= Allan Gregg =

Canadian pollster

Allan Gregg is a Canadian pollster, political advisor, television interviewer and pundit.

==Early life==
Gregg was born in Edmonton, Alberta. He was the eldest child in his family, which consisted of four boys and one girl. Gregg graduated from Harry Ainlay High School. Gregg then went on to study political science at the University of Alberta and Carleton University in Ottawa. He briefly served as a lecturer while working on his PhD.

==Tory strategist==
Gregg has long been involved in Canadian politics. He first came to national attention as the national campaign secretary of the Progressive Conservative Party of Canada successful effort in the 1979 federal election.

Soon after that campaign, Gregg founded Decima Research, a joint polling/public relations firm. The company became the Conservative party's polling firm, and Gregg played an important role in the 1984 election when the PC Party was led by Brian Mulroney.

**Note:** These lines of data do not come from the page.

lemma norm_grad_phi_le_dist_stationary:
  assumes "grad_phi F J z = 0"
    and "specnorm (J x) \<le> L2" "norm (F x - F z) \<le> L2 * norm (x - z)"
    and "specnorm (J x - J z) \<le> L0 * norm (x - z)" "norm (F z) \<le> \<beta>"
  shows "norm (grad_phi F J x) \<le> (L2\<^sup>2 + \<beta> * L0) * norm (x - z)"
proof -
  have "grad_phi F J x = transpose (J x) *v (F x - F z) + transpose (J x - J z) *v F z"
    using assms(1) unfolding grad_phi_def
    by (simp del: transpose_matrix_vector add: transpose_diff matrix_vector_mult_diff_rdistrib
        matrix_vector_mult_diff_distrib)
  then have "norm (grad_phi F J x)
      \<le> norm (transpose (J x) *v (F x - F z)) + norm (transpose (J x - J z) *v F z)"
    by (simp add: norm_triangle_ineq)
  also have "\<dots> \<le> specnorm (J x) * norm (F x - F z) + specnorm (J x - J z) * norm (F z)"
    by (intro add_mono norm_transpose_vector_le_specnorm)
  also have "\<dots> \<le> L2 * (L2 * norm (x - z)) + (L0 * norm (x - z)) * \<beta>"
    using assms specnorm_nonneg order_trans[OF specnorm_nonneg assms(2)]
      order_trans[OF specnorm_nonneg assms(4)]
    by (intro add_mono mult_mono) auto
  finally show ?thesis by (simp add: algebra_simps power2_eq_square)
qed

lemma norm_grad_phi_after_step_le:
  assumes "(transpose (J x) ** J x + lam *\<^sub>R (transpose L ** L)) *v d = - grad_phi F J x"
    and "0 \<le> lam"
  shows "norm (grad_phi F J (x + d))
    \<le> norm (grad_phi F J (x + d) - grad_phi F J x - (transpose (J x) ** J x) *v d)
       + lam * ((specnorm L)\<^sup>2 * norm d)"
proof -
  have "(transpose (J x) ** J x) *v d + lam *\<^sub>R (transpose L *v (L *v d)) = - grad_phi F J x"
    using assms(1) by (simp del: transpose_matrix_vector add: matrix_vector_mult_add_rdistrib
        scaleR_matrix_vector_assoc matrix_vector_mul_assoc)
  then have "grad_phi F J (x + d) = (grad_phi F J (x + d) - grad_phi F J x - (transpose (J x) ** J x) *v d)
      - lam *\<^sub>R (transpose L *v (L *v d))"
    by (simp add: algebra_simps)
  then have "norm (grad_phi F J (x + d))
      \<le> norm (grad_phi F J (x + d) - grad_phi F J x - (transpose (J x) ** J x) *v d)
         + lam * norm (transpose L *v (L *v d))"
    using assms(2) norm_triangle_ineq4 by (metis abs_of_nonneg norm_scaleR)
  moreover have "norm (transpose L *v (L *v d)) \<le> specnorm L * (specnorm L * norm d)"
    using norm_transpose_vector_le_specnorm[of L "L *v d"] norm_matrix_vector_le_specnorm[of L d]
      specnorm_nonneg[of L] mult_left_mono order_trans by blast
  ultimately show ?thesis
    using assms(2) mult_left_mono by (fastforce simp: power2_eq_square mult.assoc)
qed

lemma norm_transpose_jacobian_diff_le:
  assumes "norm (transpose (J x - J z) *v F z) \<le> a" "norm (transpose (J y - J z) *v F z) \<le> b"
    and "specnorm (J x - J y) \<le> c" "norm (F y - F z) \<le> e"
  shows "norm (transpose (J x - J y) *v F y) \<le> a + b + c * e"
proof -
  let ?u = "transpose (J x - J z) *v F z" and ?v = "transpose (J y - J z) *v F z"
    and ?w = "transpose (J x - J y) *v (F y - F z)"
  have split: "transpose (J x - J y) *v F y = ?u - ?v + ?w"
    by (simp del: transpose_matrix_vector add: transpose_diff matrix_vector_mult_diff_rdistrib
        matrix_vector_mult_diff_distrib algebra_simps)
  have "norm ?w \<le> specnorm (J x - J y) * norm (F y - F z)"
    by (rule norm_transpose_vector_le_specnorm)
  also have "\<dots> \<le> c * e"
    using assms(3,4) order_trans[OF specnorm_nonneg assms(3)] by (intro mult_mono) auto
  finally have "norm ?w \<le> c * e" .
  then show ?thesis
    unfolding split using assms(1,2) norm_triangle_ineq[of "?u - ?v" ?w] norm_triangle_ineq4[of ?u ?v]
    by linarith
qed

Gregg was an unusual-looking figure in Canadian politics, and especially in the Tory party. He founded a record label, The Song Corp., and was co-manager of the Tragically Hip. He also served a five-year stint as Chair of the Toronto International Film Festival.

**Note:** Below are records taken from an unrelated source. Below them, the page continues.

text \<open>The classical \<open>r\<close>-matrix structure of the bracket at one site.\<close>

lemma sklyanin_trace_identity:
  fixes X Y :: "complex^2^2"
  shows "(\<zeta> - \<eta>) * (\<Sum>a\<in>UNIV. \<Sum>b\<in>UNIV.
            Jst z a b *\<^sub>R (trace (X ** Lmat_basis a) * trace (Y ** Lmat_basis b)))
    = \<i> * (trace (X ** Lmat z c \<eta> ** Y ** Lmat z c \<zeta>) - trace (X ** Lmat z c \<zeta> ** Y ** Lmat z c \<eta>))"
proof -
  have "\<i> * \<i> = (-1::complex)"
    by simp
  show ?thesis
    by (simp add: sum_UNIV_3 sum_UNIV_2 Jst_def trace_def matrix_matrix_mult_def Lmat_basis_eq Lmat_def
        scaleR_conv_of_real) (use \<open>\<i> * \<i> = -1\<close> in algebra)
qed

definition trace_exchange :: "(complex^'n^'n) list \<Rightarrow> (complex^'n^'n) list \<Rightarrow> nat \<Rightarrow> complex" where
  "trace_exchange Fs Gs k = trace (matprod_hole Fs k ** Gs ! k ** matprod_hole Gs k ** Fs ! k)
                           - trace (matprod_hole Fs k ** Fs ! k ** matprod_hole Gs k ** Gs ! k)"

He rose to greater prominence in the 1988 election where he handled communications and polling for the PC Party. He directed the famed bridge bombing attack on Liberal leader John Turner that was designed to break the bridge linking anti-free trade voters to Turner. The offensive was a success, Turner's popularity dropped, and the Tories were re-elected. He also played an important role in the 1992 Canadian referendum where he crafted the message that the doom of Canada would be the certain result of a "No" vote.

==1993 election==
Gregg was given even more responsibility in the 1993 federal election campaign. He was senior pollster as well as top strategist and communications manager.

The 1993 Conservative Federal campaign was an unmitigated disaster for all concerned, including Gregg. Gregg again pushed for negative tactics, crafting an attack ad one of which Canadians found especially distasteful and offensive. The ad appeared to ridicule a facial deformity of Liberal leader Jean Chrétien. This ad backfired and the Conservatives were reduced to two seats in the House of Commons of Canada from their previous 151 seats. This was the result of a number of factors, including the intense unpopularity of former Conservative Prime Minister Brian Mulroney. His party suffered the worst defeat ever in Canadian history for an incumbent federal party.

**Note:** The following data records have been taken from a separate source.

(* Let $d\ge2$ and let $\rho$ be a finite-dimensional representation of the Jacobi algebra $\mathbb C\langle a,b,c\rangle/([b,c],\,[c,a],\,[a,b]+d\,c^{d-1})$. Then each of the operators $\rho(a),\rho(b),\rho(c)$ preserves the generalized eigenspaces of each of the others, and $\rho(c)$ is nilpotent (its only generalized eigenvalue is $0$). Consequently $\rho$ decomposes canonically as $\rho\cong\bigoplus_{s\in\Sigma}\rho_s$ into nonzero submodules, with $\Sigma\subset\mathbb C^2$ finite, where for $s=(s_1,s_2)$ the generalized eigenvalues of $\rho(a),\rho(b),\rho(c)$ on $\rho_s$ are $s_1,s_2,0$ respectively.
   Context: This algebra is the Jacobi algebra of the three-loop quiver with potential $W_d=[a,b]c+c^d$, i.e. the quotient of the free algebra by the cyclic derivatives of $W_d$ with respect to $a,b,c$. *)

theory Defs
  imports "HOL-Analysis.Analysis"
begin

definition mpow :: "complex^'n^'n \<Rightarrow> nat \<Rightarrow> complex^'n^'n" where
  "mpow X k = (((**) X) ^^ k) (mat 1)"

definition gen_eigenspace :: "complex^'n^'n \<Rightarrow> complex \<Rightarrow> (complex^'n) set" where
  "gen_eigenspace X \<mu> = {v. \<exists>k. mpow (X - mat \<mu>) k *v v = 0}"

definition gen_eigenvalues_on :: "complex^'n^'n \<Rightarrow> (complex^'n) set \<Rightarrow> complex set" where
  "gen_eigenvalues_on X W = {\<mu>. \<exists>v\<in>W. v \<noteq> 0 \<and> v \<in> gen_eigenspace X \<mu>}"

definition csubspace :: "(complex^'n) set \<Rightarrow> bool" where
  "csubspace W \<longleftrightarrow> 0 \<in> W \<and> (\<forall>x\<in>W. \<forall>y\<in>W. x + y \<in> W) \<and> (\<forall>c x. x \<in> W \<longrightarrow> c *s x \<in> W)"

definition invariant :: "complex^'n^'n \<Rightarrow> (complex^'n) set \<Rightarrow> bool" where
  "invariant X W \<longleftrightarrow> (\<forall>v\<in>W. X *v v \<in> W)"

definition is_direct_sum :: "'s set \<Rightarrow> ('s \<Rightarrow> (complex^'n) set) \<Rightarrow> bool" where
  "is_direct_sum S V \<longleftrightarrow>
     (\<forall>v. \<exists>f. (\<forall>s\<in>S. f s \<in> V s) \<and> v = (\<Sum>s\<in>S. f s)) \<and>
     (\<forall>f. (\<forall>s\<in>S. f s \<in> V s) \<and> (\<Sum>s\<in>S. f s) = 0 \<longrightarrow> (\<forall>s\<in>S. f s = 0))"

end

theory Submission
  imports Defs "HOL-Computational_Algebra.Computational_Algebra"
    "HOL-Computational_Algebra.Field_as_Ring"
begin

text \<open>
  Put \<open>N = d C\<^sup>d\<^sup>-\<^sup>1\<close>, so that \<open>BA - AB = N\<close> and \<open>N\<close> commutes with \<open>A\<close> and \<open>B\<close>.
  Whenever \<open>YX - XY = M\<close> with \<open>M\<close> commuting with \<open>Y\<close>, one has
  \<open>(Y - \<mu>)\<^sup>k\<^sup>+\<^sup>1 X = X (Y - \<mu>)\<^sup>k\<^sup>+\<^sup>1 + (k + 1) M (Y - \<mu>)\<^sup>k\<close>, so \<open>X\<close> preserves the generalized
  eigenspaces of \<open>Y\<close>. If \<open>C\<close> had a generalized eigenvalue \<open>\<lambda> \<noteq> 0\<close>, some
  \<open>W = V\<^sub>C(\<lambda>) \<inter> V\<^sub>A(\<alpha>)\<close> would be nonzero and invariant under \<open>A\<close> and \<open>B\<close>. Taking \<open>k\<close>
  minimal with \<open>(A - \<alpha>)\<^sup>k W = 0\<close>, the same identity applied to \<open>Bw\<close> gives a nonzero
  \<open>t = (A - \<alpha>)\<^sup>k\<^sup>-\<^sup>1 w \<in> W\<close> with \<open>C\<^sup>d\<^sup>-\<^sup>1 t = 0\<close>, i.e. \<open>t \<in> V\<^sub>C(0) \<inter> V\<^sub>C(\<lambda>) = 0\<close>.
  Hence \<open>C\<close> is nilpotent, and the decomposition is the joint generalized eigenspace
  decomposition of \<open>A\<close> and \<open>B\<close>. Generalized eigenspaces are handled through
  polynomials in a matrix: by Bezout, coprime polynomials have independent kernels, and an
  annihilating polynomial splits into linear factors over \<open>\<complex>\<close>.
\<close>

section \<open>Polynomials applied to matrices\<close>

lemma mpow_0 [simp]: "mpow X 0 = mat 1"
  by (simp add: mpow_def)

lemma mpow_Suc_mult_vec: "mpow X (Suc k) *v v = X *v (mpow X k *v v)"
  by (simp add: mpow_def matrix_vector_mul_assoc)

lemma mat_mult_vec: "mat c *v v = c *s (v :: complex^'n)"
  by (simp add: vec_eq_iff matrix_vector_mult_def mat_def if_distrib if_distribR cong: if_cong)

lemma diff_mat_mult_vec: "(X - mat c) *v v = X *v v - c *s (v :: complex^'n)"
  by (simp add: matrix_vector_mult_diff_rdistrib mat_mult_vec)

lemma uminus_matrix_mult_vec: "(- X) *v v = - (X *v (v :: complex^'n))"
  using matrix_vector_mult_diff_rdistrib[of 0 X v] by simp

definition poly_act :: "complex poly \<Rightarrow> complex^'n^'n \<Rightarrow> complex^'n \<Rightarrow> complex^'n" where
  "poly_act p X v = (\<Sum>i\<le>degree p. coeff p i *s (mpow X i *v v))"

lemma poly_act_upto:
  "degree p \<le> n \<Longrightarrow> poly_act p X v = (\<Sum>i\<le>n. coeff p i *s (mpow X i *v v))"
  unfolding poly_act_def by (rule sum.mono_neutral_left) (auto simp: coeff_eq_0)

lemma poly_act_0 [simp]: "poly_act 0 X v = 0"
  by (simp add: poly_act_def)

While the Tory campaign was not going well, this television ad (which aired on only one evening) was a memorable element. Modern Canadian national political campaign coverage has had few noteworthy campaign moments, but much like the 1984 Mulroney Turner debate ("You had an option, sir"), this advertising mistake was memorable. Attacking a physical defect was widely seen by Canadians as a low blow and as an American-style no-holds-barred campaign style that should not be imported. Several years later Gregg wrote about this in the pages of Saturday Night magazine, where he argued that "the ad tested well in the focus groups."

==Pollster==
After the campaign, Gregg left public life for a time. He quit Decima, and sold his share of the company.

After a year off, he founded a new company, The Strategic Counsel, a market research and consulting firm, but one geared towards business rather than politics. He returned to the public eye as a columnist in Maclean's magazine and a frequent pundit on the Canadian Broadcasting Corporation news for several years.

Gregg also had a weekly television show, Allan Gregg in Conversation with... on the public broadcaster TVOntario. Its format was a half-hour, in-depth interview format, in which the subject of the interview was usually an author or intellectual discussing a current release. After several years of production TVO cancelled the program.

In 2001, he strongly denounced negative campaigning in a lecture at the School of Journalism and Communication at Carleton University, saying that it would destroy politics as we know it and "invite totally unaccountable forces" to "influence society without the countervailing force of representative democracy".

==Personal life==
Gregg was born in 1949 and has three children; his wife Marjorie died in 1995.